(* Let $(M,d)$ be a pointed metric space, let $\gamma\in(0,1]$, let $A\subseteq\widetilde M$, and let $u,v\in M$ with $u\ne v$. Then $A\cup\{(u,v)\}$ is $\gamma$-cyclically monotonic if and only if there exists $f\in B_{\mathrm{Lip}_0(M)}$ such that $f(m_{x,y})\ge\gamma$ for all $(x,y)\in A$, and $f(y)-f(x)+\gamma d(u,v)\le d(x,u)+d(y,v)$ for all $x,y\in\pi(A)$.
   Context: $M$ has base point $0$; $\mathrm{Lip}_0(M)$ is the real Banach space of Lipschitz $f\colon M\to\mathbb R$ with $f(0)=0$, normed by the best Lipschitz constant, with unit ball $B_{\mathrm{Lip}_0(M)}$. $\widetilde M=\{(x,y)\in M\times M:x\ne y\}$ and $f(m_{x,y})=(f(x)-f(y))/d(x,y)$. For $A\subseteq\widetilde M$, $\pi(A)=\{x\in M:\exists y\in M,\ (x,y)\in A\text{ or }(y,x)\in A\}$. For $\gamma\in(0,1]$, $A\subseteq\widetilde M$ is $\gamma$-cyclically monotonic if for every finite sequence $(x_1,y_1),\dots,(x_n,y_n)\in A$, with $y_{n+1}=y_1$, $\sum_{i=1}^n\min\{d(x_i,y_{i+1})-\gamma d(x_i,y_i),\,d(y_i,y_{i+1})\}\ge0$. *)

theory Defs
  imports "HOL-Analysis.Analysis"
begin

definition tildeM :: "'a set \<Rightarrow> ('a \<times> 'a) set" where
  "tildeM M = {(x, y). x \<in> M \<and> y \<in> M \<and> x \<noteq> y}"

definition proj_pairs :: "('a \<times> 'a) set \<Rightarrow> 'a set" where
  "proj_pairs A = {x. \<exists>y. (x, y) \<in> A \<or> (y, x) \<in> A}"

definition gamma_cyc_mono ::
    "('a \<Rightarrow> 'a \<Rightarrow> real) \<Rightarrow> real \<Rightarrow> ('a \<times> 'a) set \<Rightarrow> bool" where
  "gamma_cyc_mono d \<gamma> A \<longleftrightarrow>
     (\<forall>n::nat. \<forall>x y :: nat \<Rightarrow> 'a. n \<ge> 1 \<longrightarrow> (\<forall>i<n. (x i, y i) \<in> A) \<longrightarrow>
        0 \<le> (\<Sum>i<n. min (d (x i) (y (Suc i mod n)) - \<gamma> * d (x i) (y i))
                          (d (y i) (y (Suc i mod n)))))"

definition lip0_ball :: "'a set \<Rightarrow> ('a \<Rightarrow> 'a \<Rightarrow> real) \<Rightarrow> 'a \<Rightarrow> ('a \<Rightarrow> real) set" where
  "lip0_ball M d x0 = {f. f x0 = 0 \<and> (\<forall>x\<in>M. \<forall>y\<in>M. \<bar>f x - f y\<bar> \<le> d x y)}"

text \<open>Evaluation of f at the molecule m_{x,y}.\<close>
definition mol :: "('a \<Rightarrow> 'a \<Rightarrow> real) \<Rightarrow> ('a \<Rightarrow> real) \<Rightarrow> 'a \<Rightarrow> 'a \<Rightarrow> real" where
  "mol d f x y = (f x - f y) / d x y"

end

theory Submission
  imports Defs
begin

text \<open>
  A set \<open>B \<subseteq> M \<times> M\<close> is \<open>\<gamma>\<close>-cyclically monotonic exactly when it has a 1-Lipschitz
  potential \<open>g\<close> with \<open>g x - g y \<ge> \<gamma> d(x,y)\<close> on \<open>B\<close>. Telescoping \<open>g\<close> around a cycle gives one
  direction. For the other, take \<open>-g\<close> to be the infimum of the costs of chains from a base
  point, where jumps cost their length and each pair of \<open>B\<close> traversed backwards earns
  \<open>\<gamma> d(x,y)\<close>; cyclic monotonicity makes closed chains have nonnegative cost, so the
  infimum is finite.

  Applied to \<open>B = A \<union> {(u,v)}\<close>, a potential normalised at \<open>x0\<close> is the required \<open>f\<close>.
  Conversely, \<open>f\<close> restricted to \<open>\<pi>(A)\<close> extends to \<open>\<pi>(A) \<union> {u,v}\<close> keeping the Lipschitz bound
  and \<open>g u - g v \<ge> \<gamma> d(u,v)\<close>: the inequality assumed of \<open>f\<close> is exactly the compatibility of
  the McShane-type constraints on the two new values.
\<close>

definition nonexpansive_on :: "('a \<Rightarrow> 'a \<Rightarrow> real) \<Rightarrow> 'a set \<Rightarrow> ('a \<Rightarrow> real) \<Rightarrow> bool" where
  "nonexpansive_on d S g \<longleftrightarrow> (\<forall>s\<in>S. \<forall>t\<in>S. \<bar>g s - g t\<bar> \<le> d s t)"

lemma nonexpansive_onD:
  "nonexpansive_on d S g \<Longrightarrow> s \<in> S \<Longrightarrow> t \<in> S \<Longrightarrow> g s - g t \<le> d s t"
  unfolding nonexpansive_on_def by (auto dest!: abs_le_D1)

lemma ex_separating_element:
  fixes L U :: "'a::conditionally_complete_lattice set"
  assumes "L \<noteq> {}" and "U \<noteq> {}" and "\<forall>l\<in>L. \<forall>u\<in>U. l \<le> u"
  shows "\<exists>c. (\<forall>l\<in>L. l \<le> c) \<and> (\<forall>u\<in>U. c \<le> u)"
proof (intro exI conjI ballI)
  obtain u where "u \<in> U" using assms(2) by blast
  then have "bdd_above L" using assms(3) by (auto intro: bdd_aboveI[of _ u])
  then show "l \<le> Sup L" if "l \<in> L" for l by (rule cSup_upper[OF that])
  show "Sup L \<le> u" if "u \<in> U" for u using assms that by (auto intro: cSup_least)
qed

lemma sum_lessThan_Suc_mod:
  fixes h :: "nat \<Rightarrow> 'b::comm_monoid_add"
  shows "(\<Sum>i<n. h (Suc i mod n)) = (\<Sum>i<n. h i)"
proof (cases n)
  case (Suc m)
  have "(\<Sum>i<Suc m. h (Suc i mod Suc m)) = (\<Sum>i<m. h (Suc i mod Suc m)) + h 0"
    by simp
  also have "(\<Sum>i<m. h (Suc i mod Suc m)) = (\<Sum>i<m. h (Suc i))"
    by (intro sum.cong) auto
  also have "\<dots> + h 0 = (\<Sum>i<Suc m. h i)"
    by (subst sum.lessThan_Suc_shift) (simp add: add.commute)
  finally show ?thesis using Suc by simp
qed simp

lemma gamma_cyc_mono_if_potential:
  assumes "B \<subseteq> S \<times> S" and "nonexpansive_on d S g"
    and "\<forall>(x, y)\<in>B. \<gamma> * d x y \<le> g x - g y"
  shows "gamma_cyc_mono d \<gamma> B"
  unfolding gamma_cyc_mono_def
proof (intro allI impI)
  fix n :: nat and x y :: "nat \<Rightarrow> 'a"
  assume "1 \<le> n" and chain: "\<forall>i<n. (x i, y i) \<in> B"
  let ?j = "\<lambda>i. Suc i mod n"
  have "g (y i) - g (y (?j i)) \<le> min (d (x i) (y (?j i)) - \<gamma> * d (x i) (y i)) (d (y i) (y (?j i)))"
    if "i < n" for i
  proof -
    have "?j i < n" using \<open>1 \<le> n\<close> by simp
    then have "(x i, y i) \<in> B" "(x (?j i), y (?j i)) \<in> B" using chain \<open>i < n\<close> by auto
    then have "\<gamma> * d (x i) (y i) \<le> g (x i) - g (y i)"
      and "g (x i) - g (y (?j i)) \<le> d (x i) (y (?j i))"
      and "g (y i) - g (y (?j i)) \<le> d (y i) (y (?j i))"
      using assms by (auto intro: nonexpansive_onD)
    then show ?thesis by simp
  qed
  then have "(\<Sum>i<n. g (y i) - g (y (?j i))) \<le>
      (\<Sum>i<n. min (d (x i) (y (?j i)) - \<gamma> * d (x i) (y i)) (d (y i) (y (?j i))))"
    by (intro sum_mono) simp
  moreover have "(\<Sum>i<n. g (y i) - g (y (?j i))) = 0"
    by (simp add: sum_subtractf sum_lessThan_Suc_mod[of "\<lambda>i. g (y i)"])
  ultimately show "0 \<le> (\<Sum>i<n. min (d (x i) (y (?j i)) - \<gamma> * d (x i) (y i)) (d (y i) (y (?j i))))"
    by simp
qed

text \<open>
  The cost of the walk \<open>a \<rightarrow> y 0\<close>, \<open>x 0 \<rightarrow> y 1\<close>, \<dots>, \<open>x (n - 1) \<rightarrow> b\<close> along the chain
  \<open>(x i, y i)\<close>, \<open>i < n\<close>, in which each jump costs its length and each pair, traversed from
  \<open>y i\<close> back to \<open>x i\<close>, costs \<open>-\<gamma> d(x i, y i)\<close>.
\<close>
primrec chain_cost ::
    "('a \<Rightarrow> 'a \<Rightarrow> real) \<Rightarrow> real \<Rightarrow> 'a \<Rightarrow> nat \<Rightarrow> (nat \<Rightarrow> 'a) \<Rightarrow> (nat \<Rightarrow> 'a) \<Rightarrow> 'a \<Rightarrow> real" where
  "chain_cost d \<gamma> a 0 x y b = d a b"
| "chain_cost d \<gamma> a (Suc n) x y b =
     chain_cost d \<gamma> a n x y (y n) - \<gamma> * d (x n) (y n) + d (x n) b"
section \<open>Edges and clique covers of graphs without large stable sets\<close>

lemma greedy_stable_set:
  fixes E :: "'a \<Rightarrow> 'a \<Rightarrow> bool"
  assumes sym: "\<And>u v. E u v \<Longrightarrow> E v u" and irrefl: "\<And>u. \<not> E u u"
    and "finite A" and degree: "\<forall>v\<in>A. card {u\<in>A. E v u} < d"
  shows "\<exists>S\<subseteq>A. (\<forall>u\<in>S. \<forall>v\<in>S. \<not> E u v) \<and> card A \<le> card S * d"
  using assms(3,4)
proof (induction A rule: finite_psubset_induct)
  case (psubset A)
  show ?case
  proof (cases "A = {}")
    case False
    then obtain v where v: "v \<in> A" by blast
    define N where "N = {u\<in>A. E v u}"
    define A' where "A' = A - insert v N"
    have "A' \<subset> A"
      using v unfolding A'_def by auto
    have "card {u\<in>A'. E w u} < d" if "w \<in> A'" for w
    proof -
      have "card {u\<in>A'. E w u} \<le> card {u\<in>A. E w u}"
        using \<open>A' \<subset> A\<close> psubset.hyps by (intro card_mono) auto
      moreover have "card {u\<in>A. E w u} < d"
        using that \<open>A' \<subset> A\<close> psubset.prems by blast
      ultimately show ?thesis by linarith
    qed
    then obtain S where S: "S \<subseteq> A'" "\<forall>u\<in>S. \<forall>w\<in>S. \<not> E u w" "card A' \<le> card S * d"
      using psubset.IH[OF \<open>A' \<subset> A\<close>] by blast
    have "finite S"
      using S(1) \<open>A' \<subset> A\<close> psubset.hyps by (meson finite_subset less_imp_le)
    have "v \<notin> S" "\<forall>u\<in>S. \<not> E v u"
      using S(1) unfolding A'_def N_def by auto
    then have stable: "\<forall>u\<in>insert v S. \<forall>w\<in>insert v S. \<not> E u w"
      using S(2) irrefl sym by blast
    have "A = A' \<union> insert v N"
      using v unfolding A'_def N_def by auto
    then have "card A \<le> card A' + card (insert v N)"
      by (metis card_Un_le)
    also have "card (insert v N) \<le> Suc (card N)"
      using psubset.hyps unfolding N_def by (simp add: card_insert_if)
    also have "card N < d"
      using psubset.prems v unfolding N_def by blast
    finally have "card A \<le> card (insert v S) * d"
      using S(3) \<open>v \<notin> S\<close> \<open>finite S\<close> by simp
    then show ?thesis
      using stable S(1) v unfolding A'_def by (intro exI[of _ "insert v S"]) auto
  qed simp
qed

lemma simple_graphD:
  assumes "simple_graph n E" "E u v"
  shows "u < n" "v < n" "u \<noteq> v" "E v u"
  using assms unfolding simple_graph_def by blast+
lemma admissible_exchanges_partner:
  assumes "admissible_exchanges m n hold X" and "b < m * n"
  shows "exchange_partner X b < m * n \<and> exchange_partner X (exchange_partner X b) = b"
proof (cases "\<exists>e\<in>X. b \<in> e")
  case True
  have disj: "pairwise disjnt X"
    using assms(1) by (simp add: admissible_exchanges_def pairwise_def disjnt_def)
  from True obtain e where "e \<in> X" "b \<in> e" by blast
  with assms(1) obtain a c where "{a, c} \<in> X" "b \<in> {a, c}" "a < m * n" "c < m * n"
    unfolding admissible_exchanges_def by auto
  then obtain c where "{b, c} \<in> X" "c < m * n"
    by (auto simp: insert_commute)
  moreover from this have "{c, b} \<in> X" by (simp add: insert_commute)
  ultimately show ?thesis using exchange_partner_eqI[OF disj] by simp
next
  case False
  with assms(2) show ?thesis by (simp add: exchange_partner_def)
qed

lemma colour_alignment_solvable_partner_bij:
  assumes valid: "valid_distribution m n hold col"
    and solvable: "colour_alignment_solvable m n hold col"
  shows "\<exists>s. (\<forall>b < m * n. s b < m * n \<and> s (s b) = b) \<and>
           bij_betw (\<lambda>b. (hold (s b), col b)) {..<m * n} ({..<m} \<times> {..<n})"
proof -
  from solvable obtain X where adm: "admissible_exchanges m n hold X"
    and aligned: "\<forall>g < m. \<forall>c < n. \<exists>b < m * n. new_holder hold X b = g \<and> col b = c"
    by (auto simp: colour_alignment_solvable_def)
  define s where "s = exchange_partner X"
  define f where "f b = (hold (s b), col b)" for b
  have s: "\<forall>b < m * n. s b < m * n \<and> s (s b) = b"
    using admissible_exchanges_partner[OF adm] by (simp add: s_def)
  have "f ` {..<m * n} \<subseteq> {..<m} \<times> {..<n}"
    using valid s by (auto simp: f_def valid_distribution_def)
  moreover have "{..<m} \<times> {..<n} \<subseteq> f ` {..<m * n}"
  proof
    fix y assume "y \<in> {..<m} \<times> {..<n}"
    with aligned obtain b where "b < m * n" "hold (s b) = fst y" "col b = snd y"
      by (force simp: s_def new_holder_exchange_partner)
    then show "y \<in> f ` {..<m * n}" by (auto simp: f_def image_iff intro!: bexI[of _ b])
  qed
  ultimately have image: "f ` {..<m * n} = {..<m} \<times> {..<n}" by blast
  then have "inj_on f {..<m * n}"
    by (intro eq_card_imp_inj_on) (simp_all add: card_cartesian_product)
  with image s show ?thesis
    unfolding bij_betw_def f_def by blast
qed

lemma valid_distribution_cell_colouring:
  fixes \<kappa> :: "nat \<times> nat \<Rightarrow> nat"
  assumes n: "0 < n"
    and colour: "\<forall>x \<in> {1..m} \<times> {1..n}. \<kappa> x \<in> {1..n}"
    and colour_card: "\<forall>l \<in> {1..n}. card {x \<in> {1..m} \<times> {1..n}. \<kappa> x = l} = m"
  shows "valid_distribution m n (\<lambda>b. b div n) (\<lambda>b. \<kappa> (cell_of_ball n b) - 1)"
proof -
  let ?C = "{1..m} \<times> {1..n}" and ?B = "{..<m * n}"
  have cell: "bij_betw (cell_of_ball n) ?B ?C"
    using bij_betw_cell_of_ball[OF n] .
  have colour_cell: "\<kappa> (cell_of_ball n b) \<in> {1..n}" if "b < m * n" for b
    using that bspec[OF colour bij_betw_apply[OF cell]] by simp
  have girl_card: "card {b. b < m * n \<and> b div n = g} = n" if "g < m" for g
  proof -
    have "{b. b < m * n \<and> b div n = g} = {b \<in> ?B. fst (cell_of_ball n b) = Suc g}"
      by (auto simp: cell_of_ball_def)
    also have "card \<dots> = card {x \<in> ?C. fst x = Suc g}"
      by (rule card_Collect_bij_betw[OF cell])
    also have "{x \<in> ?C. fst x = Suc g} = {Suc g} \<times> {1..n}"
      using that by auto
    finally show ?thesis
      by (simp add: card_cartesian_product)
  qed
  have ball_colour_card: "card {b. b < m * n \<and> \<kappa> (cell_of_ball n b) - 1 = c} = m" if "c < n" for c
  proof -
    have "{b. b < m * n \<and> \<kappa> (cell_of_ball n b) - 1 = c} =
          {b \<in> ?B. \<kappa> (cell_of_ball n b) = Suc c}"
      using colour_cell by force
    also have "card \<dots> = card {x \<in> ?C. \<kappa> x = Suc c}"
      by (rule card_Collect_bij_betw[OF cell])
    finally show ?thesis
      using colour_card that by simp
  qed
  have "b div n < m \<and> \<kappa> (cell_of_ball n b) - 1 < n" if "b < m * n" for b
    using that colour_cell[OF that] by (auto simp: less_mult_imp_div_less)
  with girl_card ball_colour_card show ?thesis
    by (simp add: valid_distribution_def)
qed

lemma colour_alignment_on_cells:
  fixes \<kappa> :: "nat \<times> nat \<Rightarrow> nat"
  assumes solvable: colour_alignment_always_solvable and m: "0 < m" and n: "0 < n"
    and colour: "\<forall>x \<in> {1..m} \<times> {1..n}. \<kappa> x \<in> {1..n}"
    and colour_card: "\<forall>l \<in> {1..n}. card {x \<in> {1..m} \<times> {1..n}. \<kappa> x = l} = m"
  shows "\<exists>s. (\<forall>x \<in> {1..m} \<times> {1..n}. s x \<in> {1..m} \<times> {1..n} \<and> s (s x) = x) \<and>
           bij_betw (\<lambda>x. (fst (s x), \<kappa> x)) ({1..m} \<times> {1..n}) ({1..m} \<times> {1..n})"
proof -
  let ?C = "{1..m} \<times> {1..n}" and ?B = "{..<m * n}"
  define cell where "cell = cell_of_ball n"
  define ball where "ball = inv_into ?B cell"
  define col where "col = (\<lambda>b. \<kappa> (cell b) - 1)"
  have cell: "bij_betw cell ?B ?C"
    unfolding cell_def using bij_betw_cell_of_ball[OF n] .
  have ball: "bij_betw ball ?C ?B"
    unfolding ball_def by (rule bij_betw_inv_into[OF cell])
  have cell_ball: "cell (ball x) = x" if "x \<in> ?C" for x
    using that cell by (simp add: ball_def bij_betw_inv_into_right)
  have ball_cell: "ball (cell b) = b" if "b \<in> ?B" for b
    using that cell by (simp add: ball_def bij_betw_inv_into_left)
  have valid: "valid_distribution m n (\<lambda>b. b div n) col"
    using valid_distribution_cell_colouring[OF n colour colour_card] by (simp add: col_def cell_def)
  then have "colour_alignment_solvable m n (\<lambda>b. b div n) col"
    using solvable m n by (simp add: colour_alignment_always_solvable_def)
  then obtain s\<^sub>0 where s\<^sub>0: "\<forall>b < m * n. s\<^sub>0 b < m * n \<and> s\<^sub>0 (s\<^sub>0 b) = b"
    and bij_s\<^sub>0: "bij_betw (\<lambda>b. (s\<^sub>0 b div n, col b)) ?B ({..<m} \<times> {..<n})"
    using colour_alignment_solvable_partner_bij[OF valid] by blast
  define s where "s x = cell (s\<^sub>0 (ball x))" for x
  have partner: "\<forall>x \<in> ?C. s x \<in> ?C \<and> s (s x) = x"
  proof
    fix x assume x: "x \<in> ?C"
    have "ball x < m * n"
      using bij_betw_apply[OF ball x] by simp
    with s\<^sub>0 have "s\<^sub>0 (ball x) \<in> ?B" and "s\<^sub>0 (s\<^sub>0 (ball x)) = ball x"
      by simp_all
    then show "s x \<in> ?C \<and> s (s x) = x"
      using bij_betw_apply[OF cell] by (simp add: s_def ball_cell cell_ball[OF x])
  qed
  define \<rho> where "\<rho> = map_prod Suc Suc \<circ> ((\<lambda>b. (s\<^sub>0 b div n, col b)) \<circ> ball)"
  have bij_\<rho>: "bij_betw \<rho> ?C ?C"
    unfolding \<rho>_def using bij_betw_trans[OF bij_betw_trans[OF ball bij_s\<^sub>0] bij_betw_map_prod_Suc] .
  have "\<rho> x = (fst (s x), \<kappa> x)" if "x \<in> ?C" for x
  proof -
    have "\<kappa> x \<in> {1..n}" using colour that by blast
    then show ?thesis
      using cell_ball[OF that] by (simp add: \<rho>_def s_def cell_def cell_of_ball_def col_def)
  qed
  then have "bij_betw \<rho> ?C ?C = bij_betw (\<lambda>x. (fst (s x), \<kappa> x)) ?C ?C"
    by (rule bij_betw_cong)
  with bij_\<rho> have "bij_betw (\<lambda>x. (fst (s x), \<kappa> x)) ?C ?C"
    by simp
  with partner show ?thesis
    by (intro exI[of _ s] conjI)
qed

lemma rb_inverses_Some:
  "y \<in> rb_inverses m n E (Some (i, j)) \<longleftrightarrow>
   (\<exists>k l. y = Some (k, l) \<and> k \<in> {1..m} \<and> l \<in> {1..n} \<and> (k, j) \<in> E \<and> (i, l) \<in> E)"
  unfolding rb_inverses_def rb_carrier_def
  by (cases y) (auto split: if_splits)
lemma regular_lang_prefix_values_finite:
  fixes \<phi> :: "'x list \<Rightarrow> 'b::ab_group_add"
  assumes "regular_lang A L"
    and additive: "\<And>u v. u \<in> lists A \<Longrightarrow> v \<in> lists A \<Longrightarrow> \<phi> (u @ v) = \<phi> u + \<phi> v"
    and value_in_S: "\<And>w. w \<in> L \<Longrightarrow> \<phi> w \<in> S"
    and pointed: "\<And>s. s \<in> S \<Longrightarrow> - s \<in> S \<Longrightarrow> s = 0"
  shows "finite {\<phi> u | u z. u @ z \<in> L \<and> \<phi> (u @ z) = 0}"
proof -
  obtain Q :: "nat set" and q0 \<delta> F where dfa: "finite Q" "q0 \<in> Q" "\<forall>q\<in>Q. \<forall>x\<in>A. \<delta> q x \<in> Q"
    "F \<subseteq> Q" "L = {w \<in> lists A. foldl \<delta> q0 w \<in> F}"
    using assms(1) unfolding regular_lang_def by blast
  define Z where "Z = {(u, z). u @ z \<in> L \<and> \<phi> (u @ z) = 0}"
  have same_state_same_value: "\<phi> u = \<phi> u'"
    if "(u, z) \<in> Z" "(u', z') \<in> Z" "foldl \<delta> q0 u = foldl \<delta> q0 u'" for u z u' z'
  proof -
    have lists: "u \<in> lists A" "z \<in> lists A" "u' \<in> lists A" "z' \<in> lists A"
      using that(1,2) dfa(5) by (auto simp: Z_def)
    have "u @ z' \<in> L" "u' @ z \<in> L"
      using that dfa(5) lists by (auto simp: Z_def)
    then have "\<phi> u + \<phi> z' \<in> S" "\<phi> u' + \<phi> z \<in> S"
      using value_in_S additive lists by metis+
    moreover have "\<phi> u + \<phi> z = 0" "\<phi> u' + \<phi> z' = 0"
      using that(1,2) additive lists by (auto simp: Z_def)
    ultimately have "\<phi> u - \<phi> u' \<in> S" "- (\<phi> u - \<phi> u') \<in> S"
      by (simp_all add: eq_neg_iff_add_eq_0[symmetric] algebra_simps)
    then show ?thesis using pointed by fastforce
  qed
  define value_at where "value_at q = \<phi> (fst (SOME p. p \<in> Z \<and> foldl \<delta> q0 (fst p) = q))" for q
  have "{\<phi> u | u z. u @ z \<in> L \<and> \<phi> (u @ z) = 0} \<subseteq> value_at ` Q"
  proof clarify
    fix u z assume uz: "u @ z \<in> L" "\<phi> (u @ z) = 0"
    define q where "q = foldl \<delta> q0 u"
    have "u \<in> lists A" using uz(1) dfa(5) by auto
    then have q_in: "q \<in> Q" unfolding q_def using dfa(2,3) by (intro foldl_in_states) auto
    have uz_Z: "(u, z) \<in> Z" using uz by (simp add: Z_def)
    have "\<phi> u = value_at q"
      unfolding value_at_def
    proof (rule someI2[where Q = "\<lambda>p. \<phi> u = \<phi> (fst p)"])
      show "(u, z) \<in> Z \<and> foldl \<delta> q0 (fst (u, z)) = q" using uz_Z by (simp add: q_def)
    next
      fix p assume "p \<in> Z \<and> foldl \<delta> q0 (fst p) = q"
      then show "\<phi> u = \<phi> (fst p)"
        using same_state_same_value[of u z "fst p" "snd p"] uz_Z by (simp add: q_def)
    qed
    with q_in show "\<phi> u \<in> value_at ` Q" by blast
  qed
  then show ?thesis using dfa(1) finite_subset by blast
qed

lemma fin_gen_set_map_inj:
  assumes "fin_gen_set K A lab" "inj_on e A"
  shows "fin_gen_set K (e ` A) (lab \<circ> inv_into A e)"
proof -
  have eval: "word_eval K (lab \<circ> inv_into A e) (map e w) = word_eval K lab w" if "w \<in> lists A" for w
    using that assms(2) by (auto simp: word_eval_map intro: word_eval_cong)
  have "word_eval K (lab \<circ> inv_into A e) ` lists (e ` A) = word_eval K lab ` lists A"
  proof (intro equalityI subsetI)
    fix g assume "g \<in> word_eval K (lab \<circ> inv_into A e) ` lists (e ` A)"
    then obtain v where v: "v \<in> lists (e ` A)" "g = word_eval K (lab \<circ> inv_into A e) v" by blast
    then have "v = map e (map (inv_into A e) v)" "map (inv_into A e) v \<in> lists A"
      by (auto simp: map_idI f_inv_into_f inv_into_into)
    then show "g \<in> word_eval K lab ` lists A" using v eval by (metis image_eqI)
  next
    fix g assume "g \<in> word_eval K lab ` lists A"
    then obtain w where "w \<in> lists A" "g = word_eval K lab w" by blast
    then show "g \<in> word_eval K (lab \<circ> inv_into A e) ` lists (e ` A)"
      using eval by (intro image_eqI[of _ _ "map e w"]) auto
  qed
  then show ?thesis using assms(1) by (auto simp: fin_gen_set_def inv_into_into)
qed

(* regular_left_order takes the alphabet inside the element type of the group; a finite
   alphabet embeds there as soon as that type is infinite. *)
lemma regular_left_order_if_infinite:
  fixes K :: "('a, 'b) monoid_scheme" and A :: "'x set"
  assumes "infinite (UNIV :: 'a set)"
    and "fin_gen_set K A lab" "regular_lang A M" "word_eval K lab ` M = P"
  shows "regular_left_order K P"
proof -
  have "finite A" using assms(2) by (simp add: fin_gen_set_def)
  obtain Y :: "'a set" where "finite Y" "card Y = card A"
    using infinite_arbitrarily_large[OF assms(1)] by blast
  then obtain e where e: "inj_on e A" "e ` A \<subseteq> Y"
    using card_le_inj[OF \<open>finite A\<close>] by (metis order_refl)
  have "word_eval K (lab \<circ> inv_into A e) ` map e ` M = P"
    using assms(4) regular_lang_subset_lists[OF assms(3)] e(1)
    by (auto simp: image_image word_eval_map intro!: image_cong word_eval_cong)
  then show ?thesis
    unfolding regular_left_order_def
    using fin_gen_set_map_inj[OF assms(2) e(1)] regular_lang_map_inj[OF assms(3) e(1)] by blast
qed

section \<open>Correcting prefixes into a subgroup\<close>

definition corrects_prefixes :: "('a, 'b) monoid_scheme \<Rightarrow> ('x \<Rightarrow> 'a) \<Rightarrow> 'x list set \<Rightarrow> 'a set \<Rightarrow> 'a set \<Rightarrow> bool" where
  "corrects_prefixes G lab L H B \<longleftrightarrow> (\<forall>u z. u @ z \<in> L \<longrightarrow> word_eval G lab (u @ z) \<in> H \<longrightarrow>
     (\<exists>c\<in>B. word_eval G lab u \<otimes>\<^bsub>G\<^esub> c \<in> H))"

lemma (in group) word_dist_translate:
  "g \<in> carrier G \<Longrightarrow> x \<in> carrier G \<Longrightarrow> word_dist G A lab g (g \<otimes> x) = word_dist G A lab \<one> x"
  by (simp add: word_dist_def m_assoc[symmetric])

....

* Problem details
What you give back must be the stretch above, starting at the line with "unfolding rb_inverses_def rb_carrier_def" and ending at the line with "define Z where", copied exactly.

* Exercise answer
  unfolding rb_inverses_def rb_carrier_def
  by (cases y) (auto split: if_splits)
lemma regular_lang_prefix_values_finite:
  fixes \<phi> :: "'x list \<Rightarrow> 'b::ab_group_add"
  assumes "regular_lang A L"
    and additive: "\<And>u v. u \<in> lists A \<Longrightarrow> v \<in> lists A \<Longrightarrow> \<phi> (u @ v) = \<phi> u + \<phi> v"
    and value_in_S: "\<And>w. w \<in> L \<Longrightarrow> \<phi> w \<in> S"
    and pointed: "\<And>s. s \<in> S \<Longrightarrow> - s \<in> S \<Longrightarrow> s = 0"
  shows "finite {\<phi> u | u z. u @ z \<in> L \<and> \<phi> (u @ z) = 0}"
proof -
  obtain Q :: "nat set" and q0 \<delta> F where dfa: "finite Q" "q0 \<in> Q" "\<forall>q\<in>Q. \<forall>x\<in>A. \<delta> q x \<in> Q"
    "F \<subseteq> Q" "L = {w \<in> lists A. foldl \<delta> q0 w \<in> F}"
    using assms(1) unfolding regular_lang_def by blast
  define Z where "Z = {(u, z). u @ z \<in> L \<and> \<phi> (u @ z) = 0}"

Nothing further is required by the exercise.